§ **WORK TASK**: Beginning with the line below that contains "unfolding ind_norm_def using" and ending with the line that contains "ind_norm_upper[of x Y]", copy every line exactly. Copy nothing else.
---------- STUDY MATERIAL ----------
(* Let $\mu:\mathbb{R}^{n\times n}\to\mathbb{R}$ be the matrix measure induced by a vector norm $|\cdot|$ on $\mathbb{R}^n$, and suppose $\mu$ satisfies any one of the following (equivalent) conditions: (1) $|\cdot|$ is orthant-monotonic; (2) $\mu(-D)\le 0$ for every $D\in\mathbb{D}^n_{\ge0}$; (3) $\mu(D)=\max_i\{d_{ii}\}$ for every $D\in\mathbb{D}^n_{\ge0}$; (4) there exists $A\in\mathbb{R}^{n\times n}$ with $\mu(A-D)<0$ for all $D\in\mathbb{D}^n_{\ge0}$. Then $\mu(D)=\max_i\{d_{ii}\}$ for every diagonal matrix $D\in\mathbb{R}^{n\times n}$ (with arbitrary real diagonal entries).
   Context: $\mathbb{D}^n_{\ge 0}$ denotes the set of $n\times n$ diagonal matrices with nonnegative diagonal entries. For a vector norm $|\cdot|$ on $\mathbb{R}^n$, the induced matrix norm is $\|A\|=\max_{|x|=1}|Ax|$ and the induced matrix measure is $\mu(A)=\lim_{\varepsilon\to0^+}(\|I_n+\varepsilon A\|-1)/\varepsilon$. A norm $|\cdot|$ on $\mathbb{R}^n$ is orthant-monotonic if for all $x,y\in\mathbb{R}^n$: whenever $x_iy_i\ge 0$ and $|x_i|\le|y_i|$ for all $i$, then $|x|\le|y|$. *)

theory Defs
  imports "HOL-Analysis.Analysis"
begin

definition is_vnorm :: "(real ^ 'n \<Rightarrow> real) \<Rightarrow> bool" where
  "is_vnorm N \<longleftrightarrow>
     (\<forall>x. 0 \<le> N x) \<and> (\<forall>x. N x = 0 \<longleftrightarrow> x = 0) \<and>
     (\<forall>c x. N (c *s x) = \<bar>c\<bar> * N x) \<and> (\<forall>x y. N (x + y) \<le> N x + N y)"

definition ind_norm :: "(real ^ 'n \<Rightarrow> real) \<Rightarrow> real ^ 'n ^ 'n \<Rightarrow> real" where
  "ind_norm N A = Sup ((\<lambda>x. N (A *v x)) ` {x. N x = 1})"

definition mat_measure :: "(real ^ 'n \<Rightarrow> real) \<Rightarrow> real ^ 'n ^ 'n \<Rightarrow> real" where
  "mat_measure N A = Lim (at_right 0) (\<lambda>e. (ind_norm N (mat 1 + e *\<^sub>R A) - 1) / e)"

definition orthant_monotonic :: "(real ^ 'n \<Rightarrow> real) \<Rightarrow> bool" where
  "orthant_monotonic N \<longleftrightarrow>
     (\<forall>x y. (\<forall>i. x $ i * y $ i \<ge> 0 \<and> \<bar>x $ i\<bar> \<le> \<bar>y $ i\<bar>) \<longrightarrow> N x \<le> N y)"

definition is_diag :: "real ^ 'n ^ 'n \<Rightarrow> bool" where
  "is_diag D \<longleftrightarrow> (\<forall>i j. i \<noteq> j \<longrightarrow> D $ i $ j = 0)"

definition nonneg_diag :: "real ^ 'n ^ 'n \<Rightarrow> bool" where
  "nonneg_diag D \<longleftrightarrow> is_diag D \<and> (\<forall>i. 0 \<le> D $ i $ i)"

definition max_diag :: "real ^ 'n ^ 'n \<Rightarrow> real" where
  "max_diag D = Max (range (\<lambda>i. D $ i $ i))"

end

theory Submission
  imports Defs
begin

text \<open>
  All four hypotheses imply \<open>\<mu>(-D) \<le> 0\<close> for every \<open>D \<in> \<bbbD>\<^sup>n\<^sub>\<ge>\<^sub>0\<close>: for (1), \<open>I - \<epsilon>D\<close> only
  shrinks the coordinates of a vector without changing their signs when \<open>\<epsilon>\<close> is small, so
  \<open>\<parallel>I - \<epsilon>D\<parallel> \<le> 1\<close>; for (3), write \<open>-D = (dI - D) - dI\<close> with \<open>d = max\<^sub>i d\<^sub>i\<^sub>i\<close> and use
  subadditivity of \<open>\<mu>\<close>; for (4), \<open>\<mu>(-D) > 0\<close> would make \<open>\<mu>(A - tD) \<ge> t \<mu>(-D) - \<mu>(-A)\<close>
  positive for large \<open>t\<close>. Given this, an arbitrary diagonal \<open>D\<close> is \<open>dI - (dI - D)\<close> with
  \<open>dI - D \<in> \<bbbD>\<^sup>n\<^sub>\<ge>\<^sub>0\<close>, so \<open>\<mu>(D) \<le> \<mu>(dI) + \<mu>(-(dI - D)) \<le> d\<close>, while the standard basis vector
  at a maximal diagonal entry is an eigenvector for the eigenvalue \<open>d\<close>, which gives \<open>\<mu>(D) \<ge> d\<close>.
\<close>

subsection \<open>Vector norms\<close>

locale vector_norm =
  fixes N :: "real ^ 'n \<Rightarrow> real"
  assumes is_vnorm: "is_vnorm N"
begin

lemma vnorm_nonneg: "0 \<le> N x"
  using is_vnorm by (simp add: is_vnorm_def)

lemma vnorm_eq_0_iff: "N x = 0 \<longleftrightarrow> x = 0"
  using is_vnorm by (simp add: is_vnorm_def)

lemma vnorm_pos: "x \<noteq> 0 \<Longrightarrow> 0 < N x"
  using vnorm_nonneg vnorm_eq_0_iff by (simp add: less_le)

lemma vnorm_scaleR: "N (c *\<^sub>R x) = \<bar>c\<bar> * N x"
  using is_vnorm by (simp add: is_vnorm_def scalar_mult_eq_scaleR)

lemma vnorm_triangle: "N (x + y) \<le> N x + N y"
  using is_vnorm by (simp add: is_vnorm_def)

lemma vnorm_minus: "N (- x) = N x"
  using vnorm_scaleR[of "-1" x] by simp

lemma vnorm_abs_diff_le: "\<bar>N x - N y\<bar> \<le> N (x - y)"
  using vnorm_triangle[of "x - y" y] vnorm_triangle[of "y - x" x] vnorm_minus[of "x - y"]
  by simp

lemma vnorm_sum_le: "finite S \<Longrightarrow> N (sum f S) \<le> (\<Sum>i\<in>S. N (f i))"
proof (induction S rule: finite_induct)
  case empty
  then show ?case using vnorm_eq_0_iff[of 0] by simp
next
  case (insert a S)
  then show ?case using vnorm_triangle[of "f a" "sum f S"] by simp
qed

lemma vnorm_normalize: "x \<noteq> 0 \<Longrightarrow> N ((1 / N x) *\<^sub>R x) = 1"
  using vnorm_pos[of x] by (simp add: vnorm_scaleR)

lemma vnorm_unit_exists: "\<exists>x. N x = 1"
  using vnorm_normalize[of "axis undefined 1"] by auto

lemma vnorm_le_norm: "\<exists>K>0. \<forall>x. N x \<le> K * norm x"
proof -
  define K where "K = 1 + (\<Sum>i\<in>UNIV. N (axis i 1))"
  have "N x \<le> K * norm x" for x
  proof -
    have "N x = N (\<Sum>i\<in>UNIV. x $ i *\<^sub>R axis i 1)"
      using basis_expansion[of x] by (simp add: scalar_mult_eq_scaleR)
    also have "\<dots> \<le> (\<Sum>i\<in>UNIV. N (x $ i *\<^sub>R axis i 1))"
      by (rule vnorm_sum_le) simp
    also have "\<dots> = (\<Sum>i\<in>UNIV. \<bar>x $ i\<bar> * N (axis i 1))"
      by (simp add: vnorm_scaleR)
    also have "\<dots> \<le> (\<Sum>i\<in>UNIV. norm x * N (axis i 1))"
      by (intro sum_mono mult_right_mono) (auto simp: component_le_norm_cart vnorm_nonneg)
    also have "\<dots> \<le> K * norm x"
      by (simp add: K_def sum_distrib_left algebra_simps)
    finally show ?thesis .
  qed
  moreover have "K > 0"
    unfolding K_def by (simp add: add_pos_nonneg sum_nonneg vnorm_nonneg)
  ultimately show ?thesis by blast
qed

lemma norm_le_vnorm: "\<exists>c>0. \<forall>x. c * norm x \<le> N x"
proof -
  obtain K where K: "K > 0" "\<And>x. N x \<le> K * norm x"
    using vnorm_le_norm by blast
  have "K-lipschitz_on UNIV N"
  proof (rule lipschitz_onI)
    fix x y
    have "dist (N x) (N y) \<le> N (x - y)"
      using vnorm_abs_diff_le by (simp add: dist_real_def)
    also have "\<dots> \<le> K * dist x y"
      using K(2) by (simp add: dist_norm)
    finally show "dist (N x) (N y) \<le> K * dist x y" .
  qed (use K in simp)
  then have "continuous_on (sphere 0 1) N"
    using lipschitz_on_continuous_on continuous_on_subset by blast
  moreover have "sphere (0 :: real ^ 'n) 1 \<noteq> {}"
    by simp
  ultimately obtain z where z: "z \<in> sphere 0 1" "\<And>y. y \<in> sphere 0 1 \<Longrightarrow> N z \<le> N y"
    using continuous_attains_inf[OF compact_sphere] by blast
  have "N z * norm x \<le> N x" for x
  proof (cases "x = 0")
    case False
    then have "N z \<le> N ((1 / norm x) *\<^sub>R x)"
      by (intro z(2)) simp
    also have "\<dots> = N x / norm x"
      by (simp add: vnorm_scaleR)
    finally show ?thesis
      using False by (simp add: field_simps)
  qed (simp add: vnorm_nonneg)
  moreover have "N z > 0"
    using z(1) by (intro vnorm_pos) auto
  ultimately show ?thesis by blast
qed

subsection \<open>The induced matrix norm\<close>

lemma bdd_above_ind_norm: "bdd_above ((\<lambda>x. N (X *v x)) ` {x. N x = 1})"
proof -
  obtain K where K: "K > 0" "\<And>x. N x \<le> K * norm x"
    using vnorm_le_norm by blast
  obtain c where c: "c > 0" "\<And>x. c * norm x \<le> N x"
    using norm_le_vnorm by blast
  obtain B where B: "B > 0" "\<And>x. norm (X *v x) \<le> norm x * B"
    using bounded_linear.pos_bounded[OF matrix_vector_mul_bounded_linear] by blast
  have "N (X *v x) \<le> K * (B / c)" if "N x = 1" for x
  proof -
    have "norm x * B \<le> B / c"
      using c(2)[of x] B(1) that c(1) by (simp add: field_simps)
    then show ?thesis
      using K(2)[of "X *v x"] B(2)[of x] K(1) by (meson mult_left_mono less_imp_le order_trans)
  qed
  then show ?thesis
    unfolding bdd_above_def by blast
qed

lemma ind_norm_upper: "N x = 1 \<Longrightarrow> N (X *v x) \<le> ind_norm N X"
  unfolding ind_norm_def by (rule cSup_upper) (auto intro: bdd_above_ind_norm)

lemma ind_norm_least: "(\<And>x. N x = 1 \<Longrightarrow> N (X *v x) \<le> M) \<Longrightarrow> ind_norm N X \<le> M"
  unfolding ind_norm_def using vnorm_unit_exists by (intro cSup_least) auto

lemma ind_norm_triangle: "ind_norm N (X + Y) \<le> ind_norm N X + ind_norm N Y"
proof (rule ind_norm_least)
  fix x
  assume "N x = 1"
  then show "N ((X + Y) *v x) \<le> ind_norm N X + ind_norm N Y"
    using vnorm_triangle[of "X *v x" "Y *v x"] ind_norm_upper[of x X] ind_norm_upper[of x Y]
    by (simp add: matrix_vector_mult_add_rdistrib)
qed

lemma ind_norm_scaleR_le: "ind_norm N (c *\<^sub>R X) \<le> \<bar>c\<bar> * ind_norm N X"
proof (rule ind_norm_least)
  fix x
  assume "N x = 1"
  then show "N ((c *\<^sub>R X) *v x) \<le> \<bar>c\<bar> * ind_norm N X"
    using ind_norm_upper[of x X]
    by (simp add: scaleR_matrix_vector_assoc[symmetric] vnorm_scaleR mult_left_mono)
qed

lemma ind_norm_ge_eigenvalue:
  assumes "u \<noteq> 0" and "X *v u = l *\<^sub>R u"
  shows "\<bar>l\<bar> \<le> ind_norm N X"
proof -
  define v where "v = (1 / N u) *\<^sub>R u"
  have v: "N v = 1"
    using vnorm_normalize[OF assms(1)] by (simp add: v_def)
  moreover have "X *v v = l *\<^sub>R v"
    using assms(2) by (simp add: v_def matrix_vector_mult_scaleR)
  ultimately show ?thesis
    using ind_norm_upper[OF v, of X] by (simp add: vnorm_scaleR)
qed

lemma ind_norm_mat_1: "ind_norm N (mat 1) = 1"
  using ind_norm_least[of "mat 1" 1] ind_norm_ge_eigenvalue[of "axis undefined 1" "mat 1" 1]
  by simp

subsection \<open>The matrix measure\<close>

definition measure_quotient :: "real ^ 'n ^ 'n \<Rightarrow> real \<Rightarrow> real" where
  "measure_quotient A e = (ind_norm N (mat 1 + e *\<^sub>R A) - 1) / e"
----------
§ **OUTPUT OF THE EXERCISE**:
  unfolding ind_norm_def using vnorm_unit_exists by (intro cSup_least) auto

lemma ind_norm_triangle: "ind_norm N (X + Y) \<le> ind_norm N X + ind_norm N Y"
proof (rule ind_norm_least)
  fix x
  assume "N x = 1"
  then show "N ((X + Y) *v x) \<le> ind_norm N X + ind_norm N Y"
    using vnorm_triangle[of "X *v x" "Y *v x"] ind_norm_upper[of x X] ind_norm_upper[of x Y]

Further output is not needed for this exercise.